MultiNet学习——KittiBox training processing

KittiBox training processing

源码

Box (Detection) training的网络框架

preparation

未设置的系统变量采用了默认值

import tensorvision.train as train  
import tensorvision.utils as utils  
No environment variable 'TV_PLUGIN_DIR' found. Set to '/home/keysen/tv-plugins'.
No environment variable 'TV_STEP_SHOW' found. Set to '50'.
No environment variable 'TV_STEP_EVAL' found. Set to '250'.
No environment variable 'TV_STEP_WRITE' found. Set to '1000'.
No environment variable 'TV_MAX_KEEP' found. Set to '10'.
No environment variable 'TV_STEP_STR' found. Set to 'Step {step}/{total_steps}: loss = {loss_value:.2f}; lr = {lr_value:.2e}; {sec_per_batch:.3f} sec (per Batch); {examples_per_sec:.1f} imgs/sec'.

预定义flags

  • ‘name’ : None
  • ‘project’ : None
  • ‘save’ : Ture, ‘是否保存the run, 输出保存在文件夹 TV_DIR_RUNS/debug’
  • ‘hypes’ : ‘hypes/kittiBox.json’ ‘存储模型参数’
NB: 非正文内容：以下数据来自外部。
(* For an integer $N\geq2$ let $$L^\star(N)=\max\Big\{(N_1+1)(N_3(N_1+N_2)+3N_2+3)-5\ :\ N_1,N_3\in\mathbb{N},\ N_2\in\mathbb{N}_+,\ 2(2N_1+N_2)+N_3(N_1+1)=N\Big\}.$$ Then $\lim_{N\to\infty}\frac{N^2}{2(2L^\star(N)+1)}=\frac{23}{12}$.
   Context: $L^\star(N)$ is the largest aperture of a Kl{\o}ve array (parameters $N_1,N_2,N_3$) with $N$ sensors; since this array has a contiguous sum co-array, its number of contiguous degrees of freedom is $H=2L^\star(N)+1$ and the asymptotic redundancy is $R_\infty=\lim_{N\to\infty}N^2/(2H)$. *)

theory Defs
  imports Complex_Main
begin

definition kloeve_aperture :: "nat \<Rightarrow> nat \<Rightarrow> nat \<Rightarrow> int" where
  "kloeve_aperture N1 N2 N3 =
     (int N1 + 1) * (int N3 * (int N1 + int N2) + 3 * int N2 + 3) - 5"

definition kloeve_params :: "nat \<Rightarrow> (nat \<times> nat \<times> nat) set" where
  "kloeve_params N = {(N1, N2, N3). N2 \<ge> 1 \<and> 2 * (2 * N1 + N2) + N3 * (N1 + 1) = N}"

definition Lstar :: "nat \<Rightarrow> int" where
  "Lstar N = Max ((\<lambda>(N1, N2, N3). kloeve_aperture N1 N2 N3) ` kloeve_params N)"

end

theory Submission
  imports Defs "HOL-Real_Asymp.Real_Asymp"
begin

text \<open>
  Write \<open>A = N\<^sub>1 + 1\<close>, \<open>B = N\<^sub>2\<close>, \<open>C = N\<^sub>3\<close>, so that \<open>N + 4 = (C + 4) A + 2 B\<close> and the
  aperture is essentially \<open>A (C A + (C + 3) B)\<close>. The sum-of-squares identity
  \<open>48 (3 (N + 4)\<^sup>2 - 23 A (C A + (C + 3) B)) = (24 B - (11 C + 21) A)\<^sup>2 + 23 ((C - 9) A)\<^sup>2\<close>
  shows \<open>L\<^sup>\<star>(N) \<le> 3 N\<^sup>2 / 23 + O(N)\<close>, with equality forced at \<open>C = 9\<close>, \<open>B \<approx> 12 A\<close>.
  Choosing \<open>N\<^sub>3 = 9\<close> and \<open>N\<^sub>1 \<approx> N / 23\<close> attains \<open>3 N\<^sup>2 / 23 - O(1)\<close>, hence
  \<open>L\<^sup>\<star>(N) / N\<^sup>2 \<longrightarrow> 3 / 23\<close> and the redundancy tends to \<open>23 / 12\<close>.
\<close>

lemma finite_kloeve_params: "finite (kloeve_params N)"
proof (rule finite_subset)
  show "kloeve_params N \<subseteq> {..N} \<times> {..N} \<times> {..N}"
  proof
    fix x assume "x \<in> kloeve_params N"
    then obtain a b c where "x = (a, b, c)" and "2 * (2 * a + b) + c * (a + 1) = N"
      unfolding kloeve_params_def by auto
    moreover have "c \<le> c * (a + 1)" by simp
    ultimately show "x \<in> {..N} \<times> {..N} \<times> {..N}" by auto
  qed
qed auto

lemma kloeve_params_nonempty:
  assumes "2 \<le> N"
  shows "(0, 1, N - 2) \<in> kloeve_params N"
  using assms by (simp add: kloeve_params_def)

lemma kloeve_aperture_upper_bound:
  assumes "(a, b, c) \<in> kloeve_params N"
  shows "23 * (kloeve_aperture a b c + 5) \<le> 3 * (int N + 4)\<^sup>2 + 69 * (int N + 4)"
proof -
  define A where "A = int a + 1"
  define B where "B = int b"
  define C where "C = int c"
  define M where "M = int N + 4"
  have nonneg: "A \<ge> 0" "B \<ge> 0" "C \<ge> 0" by (auto simp: A_def B_def C_def)
  have "N = 2 * (2 * a + b) + c * (a + 1)"
    using assms by (simp add: kloeve_params_def)
  then have "int N = 2 * (2 * int a + int b) + int c * (int a + 1)"
    by (simp add: algebra_simps)
  then have M: "M = (C + 4) * A + 2 * B"
    by (simp add: M_def A_def B_def C_def algebra_simps)
  have aperture: "kloeve_aperture a b c + 5 = A * (C * A + (C + 3) * B) + A * (3 - C)"
    by (simp add: kloeve_aperture_def A_def B_def C_def algebra_simps)
  have "48 * (3 * M\<^sup>2 - 23 * (A * (C * A + (C + 3) * B)))
        = (24 * B - (11 * C + 21) * A)\<^sup>2 + 23 * ((C - 9) * A)\<^sup>2"
    unfolding M by (simp add: power2_eq_square algebra_simps)
  then have main: "23 * (A * (C * A + (C + 3) * B)) \<le> 3 * M\<^sup>2"
    by (smt (verit) zero_le_power2)
  have "A * (3 - C) \<le> 3 * A" and "A \<le> M"
    using nonneg M by (simp_all add: algebra_simps)
  with main aperture show ?thesis by (simp add: M_def)
qed

text \<open>\<open>N\<^sub>1\<close> is \<open>\<lfloor>N / 23\<rfloor>\<close> or one more, whichever makes \<open>N - 13 N\<^sub>1 - 9\<close> even.\<close>

lemma kloeve_params_witness:
  assumes "56 \<le> N"
  obtains a b where "(a, b, 9) \<in> kloeve_params N" and "23 * a \<le> N + 23" and "N \<le> 23 * a + 22"
proof -
  define q where "q = N div 23"
  have q: "23 * q \<le> N" "N < 23 * q + 23" unfolding q_def by linarith+
  define a where "a = (if odd (q + N) then q else q + 1)"
  have a: "23 * a \<le> N + 23" "N \<le> 23 * a + 22" "odd (a + N)"
    using q by (auto simp: a_def)
  then have room: "13 * a + 11 \<le> N" using assms by linarith
  with a(3) have "even (N - (9 + 13 * a))" by (simp add: even_diff_nat)
  then obtain b where b: "N - (9 + 13 * a) = 2 * b" by (rule evenE)
  have "1 \<le> b" using b room by linarith
  moreover have "2 * (2 * a + b) + 9 * (a + 1) = N" using b room by presburger
  ultimately have "(a, b, 9) \<in> kloeve_params N" by (simp add: kloeve_params_def)
  with a that show thesis by blast
qed

lemma kloeve_aperture_lower_bound:
  assumes "(a, b, 9) \<in> kloeve_params N" and "23 * a \<le> N + 23" and "N \<le> 23 * a + 22"
  shows "69 * (int N)\<^sup>2 - 140000 \<le> 529 * kloeve_aperture a b 9"
proof -
  define t where "t = 23 * int a - int N"
  have "N = 13 * a + 2 * b + 9"
    using assms(1) by (simp add: kloeve_params_def)
  then have "int N = 13 * int a + 2 * int b + 9"
    by simp
  then have deviation: "529 * kloeve_aperture a b 9 - 69 * (int N)\<^sup>2
                        = 9522 * int a - 3174 * t - 29624 - 69 * t\<^sup>2"
    unfolding t_def by (simp add: kloeve_aperture_def power2_eq_square algebra_simps)
  have "\<bar>t\<bar> \<le> 23" using assms(2,3) by (simp add: t_def)
  then have "t\<^sup>2 \<le> 529" using abs_le_square_iff[of t 23] by simp
  with deviation \<open>\<bar>t\<bar> \<le> 23\<close> show ?thesis by linarith
qed

lemma Lstar_attained:
  assumes "2 \<le> N"
  obtains a b c where "(a, b, c) \<in> kloeve_params N" and "Lstar N = kloeve_aperture a b c"
proof -
  let ?S = "(\<lambda>(N1, N2, N3). kloeve_aperture N1 N2 N3) ` kloeve_params N"
  have "?S \<noteq> {}" using kloeve_params_nonempty[OF assms] by blast
  then have "Lstar N \<in> ?S"
    unfolding Lstar_def using finite_kloeve_params by (intro Max_in) auto
  with that show thesis by auto
qed

lemma Lstar_ge:
  assumes "(a, b, c) \<in> kloeve_params N"
  shows "kloeve_aperture a b c \<le> Lstar N"
  unfolding Lstar_def using assms finite_kloeve_params by (intro Max_ge) force+

lemma Lstar_upper_bound:
  assumes "2 \<le> N"
  shows "23 * (real_of_int (Lstar N) + 5) \<le> 3 * (real N + 4)\<^sup>2 + 69 * (real N + 4)"
proof -
  obtain a b c where "(a, b, c) \<in> kloeve_params N" and "Lstar N = kloeve_aperture a b c"
    using Lstar_attained[OF assms] .
  then have "23 * (Lstar N + 5) \<le> 3 * (int N + 4)\<^sup>2 + 69 * (int N + 4)"
    using kloeve_aperture_upper_bound by simp
  then show ?thesis by (metis (mono_tags) of_int_le_iff of_int_add of_int_mult
      of_int_numeral of_int_of_nat_eq of_int_power)
qed

lemma Lstar_lower_bound:
  assumes "56 \<le> N"
  shows "69 * (real N)\<^sup>2 - 140000 \<le> 529 * real_of_int (Lstar N)"
proof -
  obtain a b where "(a, b, 9) \<in> kloeve_params N" "23 * a \<le> N + 23" "N \<le> 23 * a + 22"
    using kloeve_params_witness[OF assms] .
  then have "69 * (int N)\<^sup>2 - 140000 \<le> 529 * Lstar N"
    using kloeve_aperture_lower_bound Lstar_ge by (meson mult_left_mono order_trans zero_le_numeral)
  then show ?thesis by (metis (mono_tags) of_int_le_iff of_int_diff of_int_mult
      of_int_numeral of_int_of_nat_eq of_int_power)
qed

lemma Lstar_asymptotic: "(\<lambda>N. real_of_int (Lstar N) / (real N)\<^sup>2) \<longlonglongrightarrow> 3 / 23"
proof (rule tendsto_sandwich)
  show "(\<lambda>N::nat. (69 * (real N)\<^sup>2 - 140000) / 529 / (real N)\<^sup>2) \<longlonglongrightarrow> 3 / 23"
    by real_asymp
  show "(\<lambda>N::nat. ((3 * (real N + 4)\<^sup>2 + 69 * (real N + 4)) / 23 - 5) / (real N)\<^sup>2) \<longlonglongrightarrow> 3 / 23"
    by real_asymp
  show "\<forall>\<^sub>F N in sequentially. (69 * (real N)\<^sup>2 - 140000) / 529 / (real N)\<^sup>2
                              \<le> real_of_int (Lstar N) / (real N)\<^sup>2"
    using eventually_ge_at_top[of 56]
    by eventually_elim (intro divide_right_mono, use Lstar_lower_bound in \<open>auto simp: mult.commute\<close>)
  show "\<forall>\<^sub>F N in sequentially. real_of_int (Lstar N) / (real N)\<^sup>2
                              \<le> ((3 * (real N + 4)\<^sup>2 + 69 * (real N + 4)) / 23 - 5) / (real N)\<^sup>2"
    using eventually_ge_at_top[of 2]
    by eventually_elim (intro divide_right_mono, use Lstar_upper_bound in \<open>auto simp: field_simps\<close>)
qed

theorem mainTheorem11:
  shows "(\<lambda>N::nat. (real N)^2 / (2 * (2 * real_of_int (Lstar N) + 1))) \<longlonglongrightarrow> 23 / 12"
proof -
  have "(\<lambda>N. inverse (4 * (real_of_int (Lstar N) / (real N)\<^sup>2) + 2 * inverse ((real N)\<^sup>2)))
        \<longlonglongrightarrow> inverse (4 * (3 / 23) + 2 * 0)"
    by (intro tendsto_intros Lstar_asymptotic) (real_asymp, simp)
  moreover have "\<forall>\<^sub>F N in sequentially.
      inverse (4 * (real_of_int (Lstar N) / (real N)\<^sup>2) + 2 * inverse ((real N)\<^sup>2))
      = (real N)^2 / (2 * (2 * real_of_int (Lstar N) + 1))"
    using eventually_gt_at_top[of 0]
    by eventually_elim (simp add: field_simps)
  ultimately show ?thesis by (simp add: Lim_transform_eventually)
qed

end
lemma solution_unique_if_locally_unique:
  assumes x: "is_solution_on F x0 J x"
    and local_unique: "ode_locally_unique_on F J x"
    and I: "is_interval I" "open I" "I \<subseteq> J" and y: "is_solution_on F x0 I y"
    and "t \<in> I"
  shows "y t = x t"
proof (rule eq_on_connected_if_locally_eq[of I 0 y x])
  show "connected I" using I(1) by (simp add: is_interval_connected)
  show "0 \<in> I" "y 0 = x 0" using x y by (simp_all add: is_solution_on_def)
  show "continuous_on I y" by (rule solution_continuous_on[OF y])
  show "continuous_on I x" using solution_continuous_on[OF x] I(3) by (rule continuous_on_subset)
  fix s assume "s \<in> I" "y s = x s"
  have "eventually (\<lambda>r. r \<in> I) (nhds s)"
    using I(2) \<open>s \<in> I\<close> by (rule eventually_nhds_in_open)
  then have "eventually (\<lambda>r. (y has_real_derivative F (y r)) (at r)) (nhds s)"
    by (rule eventually_mono) (use y in \<open>simp add: is_solution_on_def\<close>)
  then show "eventually (\<lambda>r. y r = x r) (nhds s)"
    using local_unique \<open>s \<in> I\<close> \<open>y s = x s\<close> I(3) unfolding ode_locally_unique_on_def by blast
qed (use I \<open>t \<in> I\<close> in auto)

theorem corollary4p4:
  fixes F :: "real \<Rightarrow> real" and x0 :: real
  assumes "\<exists>U. open U \<and> x0 \<in> U \<and> continuous_on U F"
    and "point_Lipschitz F x0"
  shows "\<exists>\<delta>>0. \<exists>x. is_solution_on F x0 {-\<delta><..<\<delta>} x \<and>
           (\<forall>I y. is_interval I \<and> open I \<and> I \<subseteq> {-\<delta><..<\<delta>} \<and> is_solution_on F x0 I y
                  \<longrightarrow> (\<forall>t\<in>I. y t = x t))"
proof -
  obtain \<delta> x where "\<delta> > 0" and sol: "is_solution_on F x0 {-\<delta><..<\<delta>} x"
    and unique: "ode_locally_unique_on F {-\<delta><..<\<delta>} x"
  proof (cases "F x0 = 0")
    case True
    have "is_solution_on F x0 {-1<..<1} (\<lambda>_. x0)"
      using True by (simp add: is_solution_on_def)
    moreover have "ode_locally_unique_on F {-1<..<1} (\<lambda>_. x0)"
      using Lipschitz_equilibrium_locally_unique[OF assms(2) True]
      by (simp add: ode_locally_unique_on_def)
    ultimately show ?thesis using that[of 1] by simp
  next
    case False
    obtain U where "open U" "x0 \<in> U" "continuous_on U F" using assms(1) by blast
    then show ?thesis using that solution_near_regular_point False by blast
  qed
  then show ?thesis
    using solution_unique_if_locally_unique[OF sol unique] by blast
qed

end
(* For all $\alpha\in(0,1)$ and all integers $s=1,2,3,\dots$, $$\frac{1-\alpha}{(s+1)^\alpha}<a_s<\frac{1-\alpha}{s^\alpha},\qquad \frac{\alpha(1-\alpha)}{(s+2)^{\alpha+1}}<a_s-a_{s+1}<\frac{\alpha(1-\alpha)}{s^{\alpha+1}},\qquad \frac{\alpha(1-\alpha)}{12(s+1)^{\alpha+1}}<b_s<\frac{\alpha(1-\alpha)}{12 s^{\alpha+1}}.$$
   Context: For $l\ge 0$: $a_l=a_l^{(\alpha)}=(l+1)^{1-\alpha}-l^{1-\alpha}$ and $b_l=b_l^{(\alpha)}=\frac{1}{2-\alpha}\left[(l+1)^{2-\alpha}-l^{2-\alpha}\right]-\frac12\left[(l+1)^{1-\alpha}+l^{1-\alpha}\right]$. *)

theory Defs
  imports Complex_Main
begin

definition a_coef :: "real \<Rightarrow> nat \<Rightarrow> real" where
  "a_coef \<alpha> l = (real l + 1) powr (1 - \<alpha>) - (real l) powr (1 - \<alpha>)"

definition b_coef :: "real \<Rightarrow> nat \<Rightarrow> real" where
  "b_coef \<alpha> l = 1 / (2 - \<alpha>) * ((real l + 1) powr (2 - \<alpha>) - (real l) powr (2 - \<alpha>))
                 - 1 / 2 * ((real l + 1) powr (1 - \<alpha>) + (real l) powr (1 - \<alpha>))"

end

theory Submission
  imports Defs
begin

text \<open>Let \<open>f t = t powr (1 - \<alpha>)\<close>. Then \<open>a s = f (s + 1) - f s\<close>, \<open>a s - a (s + 1)\<close> is minus
  the second difference of \<open>f\<close> at \<open>s\<close>, and \<open>b s\<close> is the error of the trapezoidal rule for the
  integral of \<open>f\<close> over \<open>[s, s + 1]\<close>. Mean value arguments write these as \<open>f' \<xi>\<close>, \<open>- f'' \<xi>\<close> and
  \<open>- f'' \<xi> / 12\<close> for some \<open>\<xi>\<close> in \<open>(s, s + 1)\<close>, \<open>(s, s + 2)\<close> and \<open>(s, s + 1)\<close> respectively, and
  the six bounds follow because \<open>f' t = (1 - \<alpha>) / t powr \<alpha>\<close> and
  \<open>- f'' t = \<alpha> * (1 - \<alpha>) / t powr (\<alpha> + 1)\<close> are strictly decreasing.\<close>

lemma powr_mean_value:
  fixes x y r :: real
  assumes "0 < x" "x < y"
  obtains z where "x < z" "z < y" "y powr r - x powr r = (y - x) * (r * z powr (r - 1))"
proof -
  have "\<exists>z. x < z \<and> z < y \<and> (\<lambda>t. t powr r) y - (\<lambda>t. t powr r) x = (y - x) * (r * z powr (r - 1))"
    by (rule MVT2[OF assms(2)], rule has_real_derivative_powr, use assms in auto)
  then show ?thesis using that by auto
qed

lemma powr_second_difference:
  fixes x r :: real
  assumes "0 < x"
  obtains w where "x < w" "w < x + 2"
    "(x + 2) powr r - 2 * (x + 1) powr r + x powr r = r * (r - 1) * w powr (r - 2)"
proof -
  define g where "g t = (t + 1) powr r - t powr r" for t :: real
  have "\<exists>z. x < z \<and> z < x + 1 \<and>
      g (x + 1) - g x = (x + 1 - x) * (r * (z + 1) powr (r - 1) - r * z powr (r - 1))"
    unfolding g_def by (rule MVT2) (use assms in \<open>auto intro!: derivative_eq_intros\<close>)
  then obtain z where z: "x < z" "z < x + 1"
    and dg: "g (x + 1) - g x = r * ((z + 1) powr (r - 1) - z powr (r - 1))"
    by (auto simp: algebra_simps)
  obtain w where w: "z < w" "w < z + 1"
    and dw: "(z + 1) powr (r - 1) - z powr (r - 1) = (r - 1) * w powr (r - 2)"
    using powr_mean_value[of z "z + 1" "r - 1"] z assms by (auto simp: diff_diff_eq)
  have "(x + 2) powr r - 2 * (x + 1) powr r + x powr r = g (x + 1) - g x"
    by (simp add: g_def add.assoc)
  also have "\<dots> = r * (r - 1) * w powr (r - 2)"
    using dg dw by simp
  finally have "(x + 2) powr r - 2 * (x + 1) powr r + x powr r = r * (r - 1) * w powr (r - 2)" .
  with w z show ?thesis
    by (intro that[of w]) auto
qed

lemma powr_trapezoid_error:
  fixes x r :: real
  assumes "0 < x" "r \<noteq> -1"
  obtains \<eta> where "x < \<eta>" "\<eta> < x + 1"
    "1 / (r + 1) * ((x + 1) powr (r + 1) - x powr (r + 1)) - 1 / 2 * ((x + 1) powr r + x powr r)
       = - (r * (r - 1) / 12) * \<eta> powr (r - 2)"
proof -
  define E where
    "E = 1 / (r + 1) * ((x + 1) powr (r + 1) - x powr (r + 1)) - 1 / 2 * ((x + 1) powr r + x powr r)"
  define m where "m = x + 1 / 2"
  text \<open>\<open>k t\<close> is the trapezoidal-rule error of \<open>\<lambda>u. u powr r\<close> on \<open>[m - t, m + t]\<close>, corrected by a cubic
    term so that it vanishes at both \<open>0\<close> and \<open>1/2\<close>; a critical point of \<open>k\<close> then ties \<open>E\<close> to
    a value of its second derivative.\<close>
  define k where
    "k t = 1 / (r + 1) * ((m + t) powr (r + 1) - (m - t) powr (r + 1))
       - t * ((m - t) powr r + (m + t) powr r) - 8 * E * t ^ 3" for t :: real
  define D where
    "D t = - t * (r * (m + t) powr (r - 1) - r * (m - t) powr (r - 1)) - 24 * E * t\<^sup>2" for t :: real
  have "(k has_real_derivative D t) (at t)" if "0 \<le> t" "t \<le> 1 / 2" for t
  proof -
    have "m - t > 0" "m + t > 0" "r + 1 \<noteq> 0" using that assms by (auto simp: m_def)
    then show ?thesis unfolding k_def D_def
      by (auto intro!: derivative_eq_intros DERIV_fun_powr simp: add_divide_distrib)
  qed
  then obtain z where z: "0 < z" "z < 1 / 2" and "k (1 / 2) - k 0 = (1 / 2 - 0) * D z"
    using MVT2[of 0 "1/2" k D] by auto
  moreover have "k 0 = 0" "k (1 / 2) = 0"
    unfolding k_def E_def m_def by (simp_all add: algebra_simps power_divide)
  ultimately have Dz: "D z = 0" by simp
  obtain \<eta> where \<eta>: "m - z < \<eta>" "\<eta> < m + z"
    and d\<eta>: "(m + z) powr (r - 1) - (m - z) powr (r - 1) = 2 * z * ((r - 1) * \<eta> powr (r - 2))"
    using powr_mean_value[of "m - z" "m + z" "r - 1"] z assms by (auto simp: m_def diff_diff_eq)
  have "D z = - 2 * z\<^sup>2 * (r * (r - 1) * \<eta> powr (r - 2) + 12 * E)"
  proof -
    have "D z = - z * r * ((m + z) powr (r - 1) - (m - z) powr (r - 1)) - 24 * E * z\<^sup>2"
      by (simp add: D_def algebra_simps)
    then show ?thesis by (simp add: d\<eta> algebra_simps power2_eq_square)
  qed
  with Dz z have "E = - (r * (r - 1) / 12) * \<eta> powr (r - 2)"
    by simp
  moreover have "x < \<eta>" "\<eta> < x + 1"
    using \<eta> z by (auto simp: m_def)
  ultimately show ?thesis
    unfolding E_def by (intro that[of \<eta>])
qed

lemma divide_powr_strict_antimono_bounds:
  fixes x z y c e :: real
  assumes "0 < x" "x < z" "z < y" "0 < c" "0 < e"
  shows "c / y powr e < c / z powr e \<and> c / z powr e < c / x powr e"
proof -
  have "x powr e < z powr e" "z powr e < y powr e"
    using assms by (auto intro: powr_less_mono2)
  then show ?thesis
    using assms by (auto intro!: divide_strict_left_mono)
qed

lemma a_coef_bounds:
  fixes \<alpha> :: real and s :: nat
  assumes "0 < \<alpha>" "\<alpha> < 1" "0 < s"
  shows "(1 - \<alpha>) / (real s + 1) powr \<alpha> < a_coef \<alpha> s \<and> a_coef \<alpha> s < (1 - \<alpha>) / (real s) powr \<alpha>"
proof -
  obtain z where z: "real s < z" "z < real s + 1"
    and "(real s + 1) powr (1 - \<alpha>) - real s powr (1 - \<alpha>) = 1 * ((1 - \<alpha>) * z powr (- \<alpha>))"
    using powr_mean_value[of "real s" "real s + 1" "1 - \<alpha>"] assms by auto
  then have "a_coef \<alpha> s = (1 - \<alpha>) / z powr \<alpha>"
    by (simp add: a_coef_def powr_minus_divide)
  then show ?thesis
    using divide_powr_strict_antimono_bounds[of "real s" z "real s + 1" "1 - \<alpha>" \<alpha>] z assms by simp
qed

lemma a_coef_diff_bounds:
  fixes \<alpha> :: real and s :: nat
  assumes "0 < \<alpha>" "\<alpha> < 1" "0 < s"
  shows "\<alpha> * (1 - \<alpha>) / (real s + 2) powr (\<alpha> + 1) < a_coef \<alpha> s - a_coef \<alpha> (s + 1)
       \<and> a_coef \<alpha> s - a_coef \<alpha> (s + 1) < \<alpha> * (1 - \<alpha>) / (real s) powr (\<alpha> + 1)"
proof -
  obtain w where w: "real s < w" "w < real s + 2"
    and second_diff: "(real s + 2) powr (1 - \<alpha>) - 2 * (real s + 1) powr (1 - \<alpha>) + real s powr (1 - \<alpha>)
      = (1 - \<alpha>) * (1 - \<alpha> - 1) * w powr (1 - \<alpha> - 2)"
    using powr_second_difference[of "real s" "1 - \<alpha>"] assms by auto
  have "a_coef \<alpha> s - a_coef \<alpha> (s + 1)
      = - ((real s + 2) powr (1 - \<alpha>) - 2 * (real s + 1) powr (1 - \<alpha>) + real s powr (1 - \<alpha>))"
    by (simp add: a_coef_def algebra_simps)
  also have "\<dots> = \<alpha> * (1 - \<alpha>) * w powr (- (\<alpha> + 1))"
    unfolding second_diff by (simp add: algebra_simps)
  finally have "a_coef \<alpha> s - a_coef \<alpha> (s + 1) = \<alpha> * (1 - \<alpha>) / w powr (\<alpha> + 1)"
    by (simp add: powr_minus_divide[of w "\<alpha> + 1"] del: minus_add_distrib)
  then show ?thesis
    using divide_powr_strict_antimono_bounds[of "real s" w "real s + 2" "\<alpha> * (1 - \<alpha>)" "\<alpha> + 1"]
      w assms by simp
qed

lemma b_coef_bounds:
  fixes \<alpha> :: real and s :: nat
  assumes "0 < \<alpha>" "\<alpha> < 1" "0 < s"
  shows "\<alpha> * (1 - \<alpha>) / (12 * (real s + 1) powr (\<alpha> + 1)) < b_coef \<alpha> s
       \<and> b_coef \<alpha> s < \<alpha> * (1 - \<alpha>) / (12 * (real s) powr (\<alpha> + 1))"
proof -
  obtain \<eta> where \<eta>: "real s < \<eta>" "\<eta> < real s + 1"
    and trapezoid: "1 / (1 - \<alpha> + 1) * ((real s + 1) powr (1 - \<alpha> + 1) - real s powr (1 - \<alpha> + 1))
        - 1 / 2 * ((real s + 1) powr (1 - \<alpha>) + real s powr (1 - \<alpha>))
      = - ((1 - \<alpha>) * (1 - \<alpha> - 1) / 12) * \<eta> powr (1 - \<alpha> - 2)"
    using powr_trapezoid_error[of "real s" "1 - \<alpha>"] assms by auto
  have "b_coef \<alpha> s = - ((1 - \<alpha>) * (1 - \<alpha> - 1) / 12) * \<eta> powr (1 - \<alpha> - 2)"
    unfolding trapezoid[symmetric] b_coef_def by (simp add: algebra_simps)
  also have "\<dots> = \<alpha> * (1 - \<alpha>) / 12 * \<eta> powr (- (\<alpha> + 1))"
    by (simp add: field_simps)
  finally have "b_coef \<alpha> s = \<alpha> * (1 - \<alpha>) / 12 / \<eta> powr (\<alpha> + 1)"
    by (simp add: powr_minus_divide[of \<eta> "\<alpha> + 1"] del: minus_add_distrib)
  then show ?thesis
    using divide_powr_strict_antimono_bounds[of "real s" \<eta> "real s + 1" "\<alpha> * (1 - \<alpha>) / 12" "\<alpha> + 1"]
      \<eta> assms by simp
qed

theorem lemma2:
  fixes \<alpha> :: real and s :: nat
  assumes "0 < \<alpha>" "\<alpha> < 1" "1 \<le> s"
  shows "(1 - \<alpha>) / (real s + 1) powr \<alpha> < a_coef \<alpha> s
       \<and> a_coef \<alpha> s < (1 - \<alpha>) / (real s) powr \<alpha>
       \<and> \<alpha> * (1 - \<alpha>) / (real s + 2) powr (\<alpha> + 1) < a_coef \<alpha> s - a_coef \<alpha> (s + 1)
       \<and> a_coef \<alpha> s - a_coef \<alpha> (s + 1) < \<alpha> * (1 - \<alpha>) / (real s) powr (\<alpha> + 1)
       \<and> \<alpha> * (1 - \<alpha>) / (12 * (real s + 1) powr (\<alpha> + 1)) < b_coef \<alpha> s
       \<and> b_coef \<alpha> s < \<alpha> * (1 - \<alpha>) / (12 * (real s) powr (\<alpha> + 1))"
proof -
  have "0 < s" using assms(3) by simp
  then show ?thesis
    using a_coef_bounds a_coef_diff_bounds b_coef_bounds assms(1,2) by blast
qed

end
导入KittiBox.json, 添加 ‘dirs’ 属性

hypes = json.load(f)
...
utils.set_dirs(hypes, tf.app.flags.FLAGS.hypes)#创建三个路径
...
train.initialize_training_folder(hypes)#在路径为RUNS/kittiBox../model_files下面添加文件,创建一个image文件夹和一个输出日志文件
"dirs": {
    "base_path": "/home/keysen/lingck/KittiBox/hypes", 
    "data_dir": "/home/keysen/lingck/KittiBox/hypes/../DATA", 
    "files_dir": "model_files", 
    "image_dir": "/home/keysen/lingck/KittiBox/hypes/../RUNS/kittiBox_2017_05_12_16.53/images", 
    "output_dir": "/home/keysen/lingck/KittiBox/hypes/../RUNS/kittiBox_2017_05_12_16.53"
  }   

输出文件保存

  • RUNS/KittiBox_date_/images :
  • RUNS/KittiBox_date_/model_files :
    • architecure.py
    • data_input.py
    • eval.py
    • hypes.py
    • objective.py
    • solver.py
  • RUNS/KittiBox_date_/output.log

Do Training

加载models_files中的文件,返回各文件句柄

modules = utils.load_modules_from_hypes(hypes) #加载几个训练相关的PY文件

modules

  • [‘input’] : ../inputs/Kitti_input.py
  • [‘arch’] : ../encoder/vgg.py
  • [‘objective’] : ../decoder/fastBox.py
  • [‘solver’] : ../optimizer/generic_optimizer.py
  • [‘eval’] : ../evals/kitti_eval.py

队列queue

属性

types : tf.float32  
grid_size : 39*12  
shapes = (  
    # image
    [384,1248,3],  
    # labels
    [12,39],# confidences  
    [12,39,4],# boxes  
    [12,39]$ mask  
)  
容量capacity : 30  

创建队列

queue = tf.FIFOQueue(capacity=capacity, dtypes=dtypes, shapes=shapes) #创建一个队列,队列长度为30,每个位置的shape是“shapes”

基于model_files创建tf流图

tv_graph = core.build_training_graph(hypes, queue, modules)

STEPS_1 input_image 的预变换

操作:从队列中取hypes[‘batch_size’]个成员,并对每个成员中的image元素进行了亮度和对比度的调整,返回image,labels(confidences, boxes, mask)对象

image, confidences, boxes, mask = q.dequeue_many(hypes['batch_size']) #从队列中移出5个元素batch_size=5
image = tf.image.random_brightness(image, max_delta=30) ##随机亮度变换
image = tf.image.random_contrast(image, lower=0.75, upper=1.25) #随机对比度变换

STEPS_2 build encoder-VGGNet

操作:构建完整的VGG16Net,用已训练的VGGNet模型为框架

logits = encoder.inference(hypes, image, train=True) #构架网络
...
    vgg_fcn = fcn8_vgg.FCN8VGG(vgg16_npy_path=vgg16_npy_path)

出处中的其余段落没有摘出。